▶ _REQUIREMENT_: Each line of the data below from the one holding "thus ?thesis using that(1) by simp" to the one holding "(simp add: pos_divide_le_eq)", inclusive, is to be reproduced exactly; no other line belongs in the answer.

▶ _Data records_:
'''
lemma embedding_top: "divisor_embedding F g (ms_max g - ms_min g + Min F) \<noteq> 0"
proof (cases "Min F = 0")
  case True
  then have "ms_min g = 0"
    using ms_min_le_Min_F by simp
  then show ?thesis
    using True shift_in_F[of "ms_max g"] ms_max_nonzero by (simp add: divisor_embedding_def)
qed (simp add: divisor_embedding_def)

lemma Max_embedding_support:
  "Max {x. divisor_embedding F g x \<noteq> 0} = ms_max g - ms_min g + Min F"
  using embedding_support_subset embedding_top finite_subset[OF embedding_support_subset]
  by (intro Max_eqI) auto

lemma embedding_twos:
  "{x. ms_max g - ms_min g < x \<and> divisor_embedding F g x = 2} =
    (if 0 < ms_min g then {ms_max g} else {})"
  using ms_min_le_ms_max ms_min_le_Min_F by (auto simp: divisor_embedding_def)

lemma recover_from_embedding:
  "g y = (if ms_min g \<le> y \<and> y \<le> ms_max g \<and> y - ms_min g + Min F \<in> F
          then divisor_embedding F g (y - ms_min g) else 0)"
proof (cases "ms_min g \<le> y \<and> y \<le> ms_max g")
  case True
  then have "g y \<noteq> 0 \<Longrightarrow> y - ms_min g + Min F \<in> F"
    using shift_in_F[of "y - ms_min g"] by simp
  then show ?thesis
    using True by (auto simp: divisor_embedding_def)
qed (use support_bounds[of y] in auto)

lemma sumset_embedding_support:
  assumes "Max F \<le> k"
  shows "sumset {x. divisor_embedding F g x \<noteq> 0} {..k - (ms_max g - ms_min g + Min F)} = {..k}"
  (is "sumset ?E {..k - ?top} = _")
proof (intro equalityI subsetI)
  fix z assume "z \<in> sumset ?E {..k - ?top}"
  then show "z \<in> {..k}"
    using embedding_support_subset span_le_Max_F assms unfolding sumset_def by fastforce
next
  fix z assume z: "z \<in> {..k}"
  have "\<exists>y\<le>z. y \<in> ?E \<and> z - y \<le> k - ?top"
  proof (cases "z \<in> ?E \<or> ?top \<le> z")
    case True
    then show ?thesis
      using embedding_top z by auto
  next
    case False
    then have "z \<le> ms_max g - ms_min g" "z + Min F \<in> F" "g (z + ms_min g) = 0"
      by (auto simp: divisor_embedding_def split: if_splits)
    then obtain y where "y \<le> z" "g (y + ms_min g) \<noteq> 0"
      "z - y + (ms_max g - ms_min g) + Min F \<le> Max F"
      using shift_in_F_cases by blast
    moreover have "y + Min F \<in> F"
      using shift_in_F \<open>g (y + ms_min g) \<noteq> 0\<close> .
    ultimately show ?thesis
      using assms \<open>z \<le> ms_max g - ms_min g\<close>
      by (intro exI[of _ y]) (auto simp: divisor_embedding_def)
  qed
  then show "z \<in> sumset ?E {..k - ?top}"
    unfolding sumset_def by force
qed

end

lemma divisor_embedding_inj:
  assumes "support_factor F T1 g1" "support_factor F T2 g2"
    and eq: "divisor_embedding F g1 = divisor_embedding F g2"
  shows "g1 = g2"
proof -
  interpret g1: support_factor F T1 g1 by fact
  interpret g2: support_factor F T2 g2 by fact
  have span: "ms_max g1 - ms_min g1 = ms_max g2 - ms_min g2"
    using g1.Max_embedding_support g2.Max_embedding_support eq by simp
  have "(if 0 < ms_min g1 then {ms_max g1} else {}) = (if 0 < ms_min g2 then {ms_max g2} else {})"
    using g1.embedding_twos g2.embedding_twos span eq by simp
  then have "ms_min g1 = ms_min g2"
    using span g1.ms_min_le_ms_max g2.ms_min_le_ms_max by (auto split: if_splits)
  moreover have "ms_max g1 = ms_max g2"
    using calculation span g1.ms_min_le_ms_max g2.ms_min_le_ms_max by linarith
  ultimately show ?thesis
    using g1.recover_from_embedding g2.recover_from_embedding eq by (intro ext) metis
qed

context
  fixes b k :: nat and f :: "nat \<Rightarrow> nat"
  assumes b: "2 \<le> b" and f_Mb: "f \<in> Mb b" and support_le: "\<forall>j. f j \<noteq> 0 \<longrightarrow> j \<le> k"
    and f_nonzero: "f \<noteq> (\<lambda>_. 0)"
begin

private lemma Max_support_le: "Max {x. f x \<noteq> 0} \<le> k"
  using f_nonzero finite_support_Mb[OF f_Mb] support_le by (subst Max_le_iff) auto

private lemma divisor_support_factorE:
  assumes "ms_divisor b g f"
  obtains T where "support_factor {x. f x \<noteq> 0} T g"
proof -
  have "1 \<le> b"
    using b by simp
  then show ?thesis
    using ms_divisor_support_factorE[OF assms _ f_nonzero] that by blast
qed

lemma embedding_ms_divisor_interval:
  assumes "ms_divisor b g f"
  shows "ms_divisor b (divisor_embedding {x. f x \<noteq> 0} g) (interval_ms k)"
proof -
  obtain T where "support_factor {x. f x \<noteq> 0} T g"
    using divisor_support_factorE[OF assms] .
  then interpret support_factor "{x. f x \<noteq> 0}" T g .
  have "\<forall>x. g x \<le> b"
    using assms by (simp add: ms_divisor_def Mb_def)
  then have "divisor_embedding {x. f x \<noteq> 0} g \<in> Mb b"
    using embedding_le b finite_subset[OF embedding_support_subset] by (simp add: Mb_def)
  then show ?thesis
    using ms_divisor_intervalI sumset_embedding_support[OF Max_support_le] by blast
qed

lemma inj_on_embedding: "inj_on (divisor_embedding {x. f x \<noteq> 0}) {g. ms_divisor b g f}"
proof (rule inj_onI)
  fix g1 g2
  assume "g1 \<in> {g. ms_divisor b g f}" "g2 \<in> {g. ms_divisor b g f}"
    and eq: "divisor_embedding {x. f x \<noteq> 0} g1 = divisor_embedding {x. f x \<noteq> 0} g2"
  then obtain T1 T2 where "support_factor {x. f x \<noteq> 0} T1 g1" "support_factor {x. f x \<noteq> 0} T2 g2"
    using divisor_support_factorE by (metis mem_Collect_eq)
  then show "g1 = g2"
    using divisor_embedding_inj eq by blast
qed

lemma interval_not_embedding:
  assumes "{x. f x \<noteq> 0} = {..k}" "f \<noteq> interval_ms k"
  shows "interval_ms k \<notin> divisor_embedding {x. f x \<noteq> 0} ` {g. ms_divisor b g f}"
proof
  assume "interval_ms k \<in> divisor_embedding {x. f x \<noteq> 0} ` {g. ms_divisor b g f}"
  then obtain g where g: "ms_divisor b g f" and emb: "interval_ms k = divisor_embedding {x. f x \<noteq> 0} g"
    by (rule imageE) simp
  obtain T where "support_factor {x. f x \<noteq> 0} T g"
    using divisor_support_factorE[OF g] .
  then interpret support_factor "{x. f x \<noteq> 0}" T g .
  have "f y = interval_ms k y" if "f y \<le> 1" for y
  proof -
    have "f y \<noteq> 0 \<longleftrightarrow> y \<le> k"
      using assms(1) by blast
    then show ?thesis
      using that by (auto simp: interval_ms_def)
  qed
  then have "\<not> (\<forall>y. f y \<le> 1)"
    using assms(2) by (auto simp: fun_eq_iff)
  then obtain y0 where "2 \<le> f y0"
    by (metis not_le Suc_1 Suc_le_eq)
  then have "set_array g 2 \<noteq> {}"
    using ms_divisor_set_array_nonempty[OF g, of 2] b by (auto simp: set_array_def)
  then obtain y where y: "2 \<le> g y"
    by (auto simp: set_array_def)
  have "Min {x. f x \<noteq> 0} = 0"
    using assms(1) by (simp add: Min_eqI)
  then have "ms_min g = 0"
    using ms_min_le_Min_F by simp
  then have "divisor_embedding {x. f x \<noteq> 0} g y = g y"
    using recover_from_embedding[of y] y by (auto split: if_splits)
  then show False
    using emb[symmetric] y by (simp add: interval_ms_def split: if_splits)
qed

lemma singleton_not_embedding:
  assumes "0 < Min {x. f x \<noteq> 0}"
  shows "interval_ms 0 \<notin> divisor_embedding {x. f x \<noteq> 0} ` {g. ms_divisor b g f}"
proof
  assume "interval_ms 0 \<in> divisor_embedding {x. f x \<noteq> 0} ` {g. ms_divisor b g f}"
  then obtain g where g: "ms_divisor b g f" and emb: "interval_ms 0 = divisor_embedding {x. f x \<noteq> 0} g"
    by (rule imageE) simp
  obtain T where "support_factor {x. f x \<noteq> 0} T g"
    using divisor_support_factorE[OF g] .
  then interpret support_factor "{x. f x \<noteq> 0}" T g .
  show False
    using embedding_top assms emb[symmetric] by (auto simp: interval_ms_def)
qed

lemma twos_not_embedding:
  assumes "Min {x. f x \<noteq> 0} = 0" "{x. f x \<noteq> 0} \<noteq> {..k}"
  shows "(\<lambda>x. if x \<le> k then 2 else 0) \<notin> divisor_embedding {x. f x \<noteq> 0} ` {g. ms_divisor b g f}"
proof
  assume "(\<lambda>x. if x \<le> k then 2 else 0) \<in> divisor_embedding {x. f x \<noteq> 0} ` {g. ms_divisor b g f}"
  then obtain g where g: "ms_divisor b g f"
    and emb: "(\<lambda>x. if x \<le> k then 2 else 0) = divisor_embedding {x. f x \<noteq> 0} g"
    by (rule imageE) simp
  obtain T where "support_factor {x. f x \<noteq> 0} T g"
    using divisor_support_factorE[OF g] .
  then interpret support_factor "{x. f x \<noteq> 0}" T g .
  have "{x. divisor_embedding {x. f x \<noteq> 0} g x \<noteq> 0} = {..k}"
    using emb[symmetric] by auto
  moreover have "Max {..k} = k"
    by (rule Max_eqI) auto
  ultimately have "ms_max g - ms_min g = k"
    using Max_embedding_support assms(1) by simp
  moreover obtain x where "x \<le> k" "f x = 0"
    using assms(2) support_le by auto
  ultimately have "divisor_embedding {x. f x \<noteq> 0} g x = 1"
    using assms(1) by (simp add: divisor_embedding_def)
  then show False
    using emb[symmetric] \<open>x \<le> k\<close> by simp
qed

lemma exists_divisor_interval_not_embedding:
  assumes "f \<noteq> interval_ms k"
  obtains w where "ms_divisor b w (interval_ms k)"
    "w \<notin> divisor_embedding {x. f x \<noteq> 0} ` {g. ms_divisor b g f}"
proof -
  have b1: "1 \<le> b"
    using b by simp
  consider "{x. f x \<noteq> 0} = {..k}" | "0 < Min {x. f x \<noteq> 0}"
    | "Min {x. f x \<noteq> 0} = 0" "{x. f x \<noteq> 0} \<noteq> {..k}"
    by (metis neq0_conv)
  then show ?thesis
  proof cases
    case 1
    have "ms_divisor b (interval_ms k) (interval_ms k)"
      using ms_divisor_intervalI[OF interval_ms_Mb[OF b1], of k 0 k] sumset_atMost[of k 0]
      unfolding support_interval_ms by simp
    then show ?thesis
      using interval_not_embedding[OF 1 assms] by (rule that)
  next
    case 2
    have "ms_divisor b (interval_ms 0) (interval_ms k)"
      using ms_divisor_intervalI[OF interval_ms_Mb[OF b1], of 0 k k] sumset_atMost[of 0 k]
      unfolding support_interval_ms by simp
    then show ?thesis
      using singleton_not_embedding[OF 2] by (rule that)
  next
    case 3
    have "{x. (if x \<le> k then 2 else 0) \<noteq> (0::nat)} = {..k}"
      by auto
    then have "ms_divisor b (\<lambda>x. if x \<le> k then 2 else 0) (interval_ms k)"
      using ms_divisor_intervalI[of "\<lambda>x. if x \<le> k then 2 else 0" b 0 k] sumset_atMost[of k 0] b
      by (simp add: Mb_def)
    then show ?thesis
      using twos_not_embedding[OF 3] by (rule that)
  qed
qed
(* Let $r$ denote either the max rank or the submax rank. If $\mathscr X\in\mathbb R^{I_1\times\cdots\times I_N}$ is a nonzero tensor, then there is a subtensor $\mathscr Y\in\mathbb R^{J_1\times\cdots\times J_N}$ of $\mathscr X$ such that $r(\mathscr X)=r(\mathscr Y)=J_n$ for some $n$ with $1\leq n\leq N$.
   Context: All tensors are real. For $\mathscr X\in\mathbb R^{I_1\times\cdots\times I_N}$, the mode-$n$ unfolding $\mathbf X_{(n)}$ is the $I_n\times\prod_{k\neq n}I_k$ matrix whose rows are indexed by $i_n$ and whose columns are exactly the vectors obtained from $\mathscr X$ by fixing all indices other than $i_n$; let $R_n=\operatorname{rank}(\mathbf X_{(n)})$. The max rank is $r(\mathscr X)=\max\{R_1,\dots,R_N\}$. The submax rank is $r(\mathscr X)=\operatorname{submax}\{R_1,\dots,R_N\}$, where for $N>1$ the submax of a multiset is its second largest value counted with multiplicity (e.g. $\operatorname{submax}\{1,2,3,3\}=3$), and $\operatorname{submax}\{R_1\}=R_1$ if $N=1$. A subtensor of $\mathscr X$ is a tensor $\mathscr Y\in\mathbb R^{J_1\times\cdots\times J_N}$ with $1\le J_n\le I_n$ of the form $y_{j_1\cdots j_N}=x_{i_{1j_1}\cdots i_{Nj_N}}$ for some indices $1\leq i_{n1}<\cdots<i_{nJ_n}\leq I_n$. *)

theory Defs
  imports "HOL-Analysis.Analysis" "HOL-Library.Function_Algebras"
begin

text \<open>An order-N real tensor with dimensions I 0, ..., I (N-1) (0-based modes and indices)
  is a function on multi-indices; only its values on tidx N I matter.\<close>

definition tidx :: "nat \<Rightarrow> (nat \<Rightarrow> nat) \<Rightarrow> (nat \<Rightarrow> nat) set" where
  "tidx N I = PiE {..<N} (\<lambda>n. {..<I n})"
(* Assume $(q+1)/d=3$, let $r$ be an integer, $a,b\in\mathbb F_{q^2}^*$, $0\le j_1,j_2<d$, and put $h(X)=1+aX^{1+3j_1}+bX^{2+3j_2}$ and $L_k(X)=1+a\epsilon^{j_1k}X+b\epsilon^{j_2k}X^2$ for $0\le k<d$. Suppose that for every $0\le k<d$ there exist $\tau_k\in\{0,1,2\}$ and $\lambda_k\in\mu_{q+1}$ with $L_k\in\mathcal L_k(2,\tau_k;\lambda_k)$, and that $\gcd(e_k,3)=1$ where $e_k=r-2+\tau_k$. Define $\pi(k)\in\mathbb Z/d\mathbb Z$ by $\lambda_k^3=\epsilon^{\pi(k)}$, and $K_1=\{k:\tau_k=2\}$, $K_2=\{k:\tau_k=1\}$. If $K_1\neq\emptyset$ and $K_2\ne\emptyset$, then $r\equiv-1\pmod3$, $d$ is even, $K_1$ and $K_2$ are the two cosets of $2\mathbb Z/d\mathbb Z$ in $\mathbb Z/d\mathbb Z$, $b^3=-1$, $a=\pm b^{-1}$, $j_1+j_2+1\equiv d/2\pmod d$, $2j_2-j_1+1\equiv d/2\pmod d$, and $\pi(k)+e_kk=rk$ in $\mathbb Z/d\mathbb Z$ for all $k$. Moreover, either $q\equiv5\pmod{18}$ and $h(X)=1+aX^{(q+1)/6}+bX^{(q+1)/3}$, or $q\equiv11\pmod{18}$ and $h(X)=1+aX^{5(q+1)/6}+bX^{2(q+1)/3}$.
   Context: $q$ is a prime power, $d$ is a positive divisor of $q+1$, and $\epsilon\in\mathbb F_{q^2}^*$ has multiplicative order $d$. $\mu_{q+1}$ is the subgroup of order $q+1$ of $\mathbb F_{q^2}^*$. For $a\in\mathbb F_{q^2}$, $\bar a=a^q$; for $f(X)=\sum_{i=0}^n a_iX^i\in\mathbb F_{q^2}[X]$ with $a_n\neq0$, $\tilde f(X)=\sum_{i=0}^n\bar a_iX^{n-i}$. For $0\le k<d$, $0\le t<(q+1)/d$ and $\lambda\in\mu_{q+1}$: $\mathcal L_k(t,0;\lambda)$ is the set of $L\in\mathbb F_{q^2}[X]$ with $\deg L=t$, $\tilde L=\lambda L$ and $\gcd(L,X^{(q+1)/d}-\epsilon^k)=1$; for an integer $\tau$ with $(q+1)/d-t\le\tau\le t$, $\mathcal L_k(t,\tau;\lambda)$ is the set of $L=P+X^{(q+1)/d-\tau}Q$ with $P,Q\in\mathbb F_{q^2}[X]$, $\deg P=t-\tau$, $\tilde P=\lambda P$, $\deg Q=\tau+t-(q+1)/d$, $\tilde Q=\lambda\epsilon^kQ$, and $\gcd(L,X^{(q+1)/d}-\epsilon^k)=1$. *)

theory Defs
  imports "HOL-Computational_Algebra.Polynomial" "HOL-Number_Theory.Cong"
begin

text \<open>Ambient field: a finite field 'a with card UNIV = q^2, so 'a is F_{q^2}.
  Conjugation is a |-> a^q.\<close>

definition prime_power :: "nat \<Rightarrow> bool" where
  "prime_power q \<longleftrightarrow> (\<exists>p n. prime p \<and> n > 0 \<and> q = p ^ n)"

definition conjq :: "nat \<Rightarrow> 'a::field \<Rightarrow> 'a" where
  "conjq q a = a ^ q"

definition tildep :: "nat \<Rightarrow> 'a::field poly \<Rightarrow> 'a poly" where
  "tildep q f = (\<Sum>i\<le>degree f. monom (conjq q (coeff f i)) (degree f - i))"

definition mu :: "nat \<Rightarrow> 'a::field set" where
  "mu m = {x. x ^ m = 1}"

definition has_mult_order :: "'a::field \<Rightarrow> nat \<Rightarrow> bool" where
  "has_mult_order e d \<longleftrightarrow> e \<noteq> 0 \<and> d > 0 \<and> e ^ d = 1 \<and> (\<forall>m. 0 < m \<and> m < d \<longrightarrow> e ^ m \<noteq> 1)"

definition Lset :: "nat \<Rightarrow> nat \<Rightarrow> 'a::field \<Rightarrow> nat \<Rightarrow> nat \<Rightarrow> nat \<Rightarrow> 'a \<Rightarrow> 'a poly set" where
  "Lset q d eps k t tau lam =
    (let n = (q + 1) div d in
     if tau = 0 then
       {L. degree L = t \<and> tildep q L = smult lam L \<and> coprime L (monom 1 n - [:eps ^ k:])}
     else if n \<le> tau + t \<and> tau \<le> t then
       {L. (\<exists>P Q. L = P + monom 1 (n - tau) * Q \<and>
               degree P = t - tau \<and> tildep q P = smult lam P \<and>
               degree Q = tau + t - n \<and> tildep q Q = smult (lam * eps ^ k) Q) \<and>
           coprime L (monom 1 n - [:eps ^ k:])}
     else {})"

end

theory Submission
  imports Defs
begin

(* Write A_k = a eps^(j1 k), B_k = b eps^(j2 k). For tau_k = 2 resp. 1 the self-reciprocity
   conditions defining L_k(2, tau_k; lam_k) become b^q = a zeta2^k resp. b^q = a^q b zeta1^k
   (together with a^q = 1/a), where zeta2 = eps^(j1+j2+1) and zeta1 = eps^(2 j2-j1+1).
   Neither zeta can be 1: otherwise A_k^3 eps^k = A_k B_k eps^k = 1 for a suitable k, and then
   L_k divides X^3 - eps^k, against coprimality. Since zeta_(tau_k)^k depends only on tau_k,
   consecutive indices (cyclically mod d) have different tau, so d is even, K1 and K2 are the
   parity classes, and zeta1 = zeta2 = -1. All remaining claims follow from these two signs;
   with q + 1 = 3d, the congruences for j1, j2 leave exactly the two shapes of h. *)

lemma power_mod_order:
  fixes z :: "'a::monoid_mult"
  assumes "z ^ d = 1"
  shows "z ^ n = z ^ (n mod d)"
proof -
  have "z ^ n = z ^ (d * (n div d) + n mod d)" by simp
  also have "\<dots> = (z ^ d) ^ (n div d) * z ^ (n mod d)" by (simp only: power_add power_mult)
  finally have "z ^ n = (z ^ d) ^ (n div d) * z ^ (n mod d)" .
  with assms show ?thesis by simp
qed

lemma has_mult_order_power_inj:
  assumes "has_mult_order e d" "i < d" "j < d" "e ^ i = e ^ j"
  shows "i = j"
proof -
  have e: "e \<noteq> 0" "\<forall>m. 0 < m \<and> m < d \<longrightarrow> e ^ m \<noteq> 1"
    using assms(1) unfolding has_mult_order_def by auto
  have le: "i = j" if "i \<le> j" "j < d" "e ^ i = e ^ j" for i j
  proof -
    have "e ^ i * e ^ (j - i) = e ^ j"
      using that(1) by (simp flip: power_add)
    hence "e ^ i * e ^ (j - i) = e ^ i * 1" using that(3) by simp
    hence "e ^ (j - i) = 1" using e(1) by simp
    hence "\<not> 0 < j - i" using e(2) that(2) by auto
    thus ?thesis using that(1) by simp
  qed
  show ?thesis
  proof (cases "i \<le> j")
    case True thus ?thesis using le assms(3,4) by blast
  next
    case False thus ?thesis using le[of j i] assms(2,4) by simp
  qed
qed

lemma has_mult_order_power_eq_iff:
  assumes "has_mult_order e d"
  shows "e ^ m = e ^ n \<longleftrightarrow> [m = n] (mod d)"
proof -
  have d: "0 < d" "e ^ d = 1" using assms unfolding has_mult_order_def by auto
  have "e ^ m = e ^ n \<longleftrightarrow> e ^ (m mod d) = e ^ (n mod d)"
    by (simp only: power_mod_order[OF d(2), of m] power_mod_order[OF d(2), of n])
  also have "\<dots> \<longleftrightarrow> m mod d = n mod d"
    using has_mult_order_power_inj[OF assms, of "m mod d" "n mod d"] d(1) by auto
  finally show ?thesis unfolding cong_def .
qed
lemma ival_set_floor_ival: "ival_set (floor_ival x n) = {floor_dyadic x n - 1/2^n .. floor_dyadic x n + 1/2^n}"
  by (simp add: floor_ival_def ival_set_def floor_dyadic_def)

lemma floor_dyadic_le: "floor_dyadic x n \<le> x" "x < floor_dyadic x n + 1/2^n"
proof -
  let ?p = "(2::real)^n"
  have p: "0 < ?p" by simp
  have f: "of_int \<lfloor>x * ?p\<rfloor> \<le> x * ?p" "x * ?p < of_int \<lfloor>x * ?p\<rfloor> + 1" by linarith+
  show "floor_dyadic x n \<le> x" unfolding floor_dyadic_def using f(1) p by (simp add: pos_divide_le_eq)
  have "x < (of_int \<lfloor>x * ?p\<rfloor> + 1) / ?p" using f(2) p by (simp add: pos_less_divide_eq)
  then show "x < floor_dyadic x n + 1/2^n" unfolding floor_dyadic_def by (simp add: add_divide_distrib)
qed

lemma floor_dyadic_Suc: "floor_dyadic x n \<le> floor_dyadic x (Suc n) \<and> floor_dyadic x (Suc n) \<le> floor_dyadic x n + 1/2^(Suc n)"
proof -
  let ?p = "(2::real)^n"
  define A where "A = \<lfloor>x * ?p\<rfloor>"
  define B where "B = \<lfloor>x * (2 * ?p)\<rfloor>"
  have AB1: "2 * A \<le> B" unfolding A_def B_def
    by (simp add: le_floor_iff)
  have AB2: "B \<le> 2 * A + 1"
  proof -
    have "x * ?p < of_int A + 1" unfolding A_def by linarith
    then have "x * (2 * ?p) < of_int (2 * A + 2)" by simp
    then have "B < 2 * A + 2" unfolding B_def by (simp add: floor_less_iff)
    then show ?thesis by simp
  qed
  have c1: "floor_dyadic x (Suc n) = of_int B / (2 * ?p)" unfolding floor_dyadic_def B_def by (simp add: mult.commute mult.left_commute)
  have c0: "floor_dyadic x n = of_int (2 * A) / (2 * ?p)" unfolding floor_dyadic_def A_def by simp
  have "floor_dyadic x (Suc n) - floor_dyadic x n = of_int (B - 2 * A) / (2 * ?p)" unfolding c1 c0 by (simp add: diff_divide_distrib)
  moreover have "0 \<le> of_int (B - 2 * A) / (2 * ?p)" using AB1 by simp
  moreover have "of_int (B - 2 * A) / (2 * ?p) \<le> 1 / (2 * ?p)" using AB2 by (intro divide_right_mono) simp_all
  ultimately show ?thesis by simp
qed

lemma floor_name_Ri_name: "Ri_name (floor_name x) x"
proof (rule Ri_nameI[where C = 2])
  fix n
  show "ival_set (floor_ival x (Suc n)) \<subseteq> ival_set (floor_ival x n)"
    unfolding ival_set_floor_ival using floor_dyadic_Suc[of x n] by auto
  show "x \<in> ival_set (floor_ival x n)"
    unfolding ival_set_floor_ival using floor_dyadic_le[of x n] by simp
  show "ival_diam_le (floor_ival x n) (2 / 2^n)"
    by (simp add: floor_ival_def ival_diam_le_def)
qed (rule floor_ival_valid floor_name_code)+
'''
▶ _RESPONSE_:
    thus ?thesis using that(1) by simp
  qed
  show ?thesis
  proof (cases "i \<le> j")
    case True thus ?thesis using le assms(3,4) by blast
  next
    case False thus ?thesis using le[of j i] assms(2,4) by simp
  qed
qed

lemma has_mult_order_power_eq_iff:
  assumes "has_mult_order e d"
  shows "e ^ m = e ^ n \<longleftrightarrow> [m = n] (mod d)"
proof -
  have d: "0 < d" "e ^ d = 1" using assms unfolding has_mult_order_def by auto
  have "e ^ m = e ^ n \<longleftrightarrow> e ^ (m mod d) = e ^ (n mod d)"
    by (simp only: power_mod_order[OF d(2), of m] power_mod_order[OF d(2), of n])
  also have "\<dots> \<longleftrightarrow> m mod d = n mod d"
    using has_mult_order_power_inj[OF assms, of "m mod d" "n mod d"] d(1) by auto
  finally show ?thesis unfolding cong_def .
qed
lemma ival_set_floor_ival: "ival_set (floor_ival x n) = {floor_dyadic x n - 1/2^n .. floor_dyadic x n + 1/2^n}"
  by (simp add: floor_ival_def ival_set_def floor_dyadic_def)

lemma floor_dyadic_le: "floor_dyadic x n \<le> x" "x < floor_dyadic x n + 1/2^n"
proof -
  let ?p = "(2::real)^n"
  have p: "0 < ?p" by simp
  have f: "of_int \<lfloor>x * ?p\<rfloor> \<le> x * ?p" "x * ?p < of_int \<lfloor>x * ?p\<rfloor> + 1" by linarith+
  show "floor_dyadic x n \<le> x" unfolding floor_dyadic_def using f(1) p by (simp add: pos_divide_le_eq)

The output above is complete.